Metered parking revisited

The citizens of Georgetown and other communities on Thursday last, came out in their numbers and have once again raised their voices against the Parking Meter Project; while some called for the rates to be reduced others demanded that the project to be scrapped entirely.
For many, the introduction of metered parking in the City of Georgetown was an extremely unpopular move by the Mayor and City Council (M&CC). The general consensus is that the project has been poorly conceived and implemented. This is the first time that we have ever witnessed this level of resentment for a project of such nature. This resentment and bitterness came from almost every stakeholder in society – the business sector, political parties, NGOs, citizens, etc.
Many believe that the entire fiasco could have been avoided in the first place, had the city officials approached the issue in a transparent and democratic manner; eg, by meaningfully engaging the necessary stakeholders they would have gotten a better understanding of the concerns of citizens before they ventured into such undertaking. While many have weighed in on the issue, the Guyana Consumers Association has also provided an alternative to be considered and have suggested several ways to approach this:
(1) The “amended” contract between Smart City Solutions and the Georgetown City Council must be immediately published for the citizens to know what is being placed on them for at least the next 20 years. There are many questions the citizens would like answered, for example, the quality of the technology of the meters; the updating of the technology; at the expiry of the Contract, what would be the scenario, and so on. If the contract is not published, an aura of corruption would envelop the scheme and would besmirch Government as well as City Hall.
(2) It should be emphasised that the meters should have been calibrated by a reputable company or institution and the results published. Unless calibration is done, the citizens would be distrustful of the honesty of the meters.
(3) The Feasibility Study must be published. This document will inform Government, the citizens and all stakeholders of the various projections to expect. Again, the publication of the feasibility would help to temper the deep-set assumption that the scheme is enveloped in secrecy and corruption.
(4) The profitability and profit-sharing of the scheme. In this scheme the main investment inputs are (a) The Georgetown road system (b) The enforcement of the scheme (c) The parking meters (d) The accountant. All other ancillary costs are minimal. The Guyana side is providing the road system which is worth billions of dollars and is by far the overwhelming part of the investment. It also seems to be mainly responsible for the enforcement. The Smart City Solutions Company will provide the meters which are very likely second-hand or the left-overs from the company’s other activities. Their accountant would mainly be to consolidate the money and send it abroad since the meters are self-accounting.

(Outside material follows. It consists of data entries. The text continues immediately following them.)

lemma integral_outer_increment:
  fixes x :: "real^'n::finite"
  shows "(\<integral>w. outer_increment x i j (w (3*t+1)) (w (3*t+2)) \<partial>attack_space p)
    = (if i = j then 1 / CARD('n) else 0)"
proof -
  interpret prob_space "attack_space p" by (rule prob_space_coords)
  have sign_direction: "(\<integral>w. coin_sign (w (3*t+1)) * direction (w (3*t+2)) $ k \<partial>attack_space p) = 0" for k
    using integral_coord_product[of "3*t+1" "3*t+2" coin_sign 1 "\<lambda>z. direction z $ k" 1 p]
      integral_direction_component[where i=k and p=p and t=t]
    by (simp add: abs_coin_sign abs_direction_component)
  have int_SX: "integrable (attack_space p) (\<lambda>w. coin_sign (w (3*t+1)) * direction (w (3*t+2)) $ k)" for k
    by (rule integrable_const_bound[where B=1])
      (simp add: abs_mult abs_coin_sign abs_direction_component mult_le_one,
        intro borel_measurable_times measurable_coord)
  have int_XX: "integrable (attack_space p) (\<lambda>w. direction (w (3*t+2)) $ i * direction (w (3*t+2)) $ j)"
    by (rule integrable_const_bound[where B=1])
      (simp add: abs_mult abs_direction_component mult_le_one,
        intro borel_measurable_times measurable_coord)
  have "(\<integral>w. outer_increment x i j (w (3*t+1)) (w (3*t+2)) \<partial>attack_space p)
      = x$i * (\<integral>w. coin_sign (w (3*t+1)) * direction (w (3*t+2)) $ j \<partial>attack_space p)
        + x$j * (\<integral>w. coin_sign (w (3*t+1)) * direction (w (3*t+2)) $ i \<partial>attack_space p)
        + (\<integral>w. direction (w (3*t+2)) $ i * direction (w (3*t+2)) $ j \<partial>attack_space p)"
    unfolding outer_increment_def using int_SX[of i] int_SX[of j] int_XX by simp
  also have "\<dots> = (\<integral>w. direction (w (3*t+2)) $ i * direction (w (3*t+2)) $ j \<partial>attack_space p)"
    by (simp only: sign_direction)
  finally show ?thesis
    using integral_direction_outer[where p=p and t=t and i=i and j=j]
    by (simp add: integral_coord[where g="\<lambda>z. direction z $ i * direction z $ j"])
qed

In this business plan, the Guyana side would be contributing 99 per cent of the input costs, while the company would only be contributing about 1 per cent, while collecting 80 per cent of the profits. The unfairness of these profit-sharing needs to be reviewed
(5) This Scheme would therefore be patriating large sums of foreign currency without generating any wealth locally and bringing greater pressure on the Guyana dollar. In this aspect of the contract, both the Finance Ministry and the Bank of Guyana should have been involved, since the M&CC would have made a commitment on their behalf without their knowledge.
(6) Any lowering of rates would not make the scheme acceptable since there are fundamental questions to be resolved. If these fundamental questions are not resolved, the scheme must be put on hold or scrapped.
(7) The Georgetown City Council claims that it went into this unfair and unacceptable contract because it needed money. The Council needs money largely because of its inefficiency and alleged corruption and to ask the citizens to pay for such inefficiency and corruption is not right.
These are reasonable demands being made on behalf of citizens and if taken on board and treated seriously, perhaps we could see an ease on the level of resentment to the project that currently exists.
Needleless to say, we have not yet addressed the issue of the regulation governing metered parking in the city, as that is currently being challenged on the basis of its legality in the courts.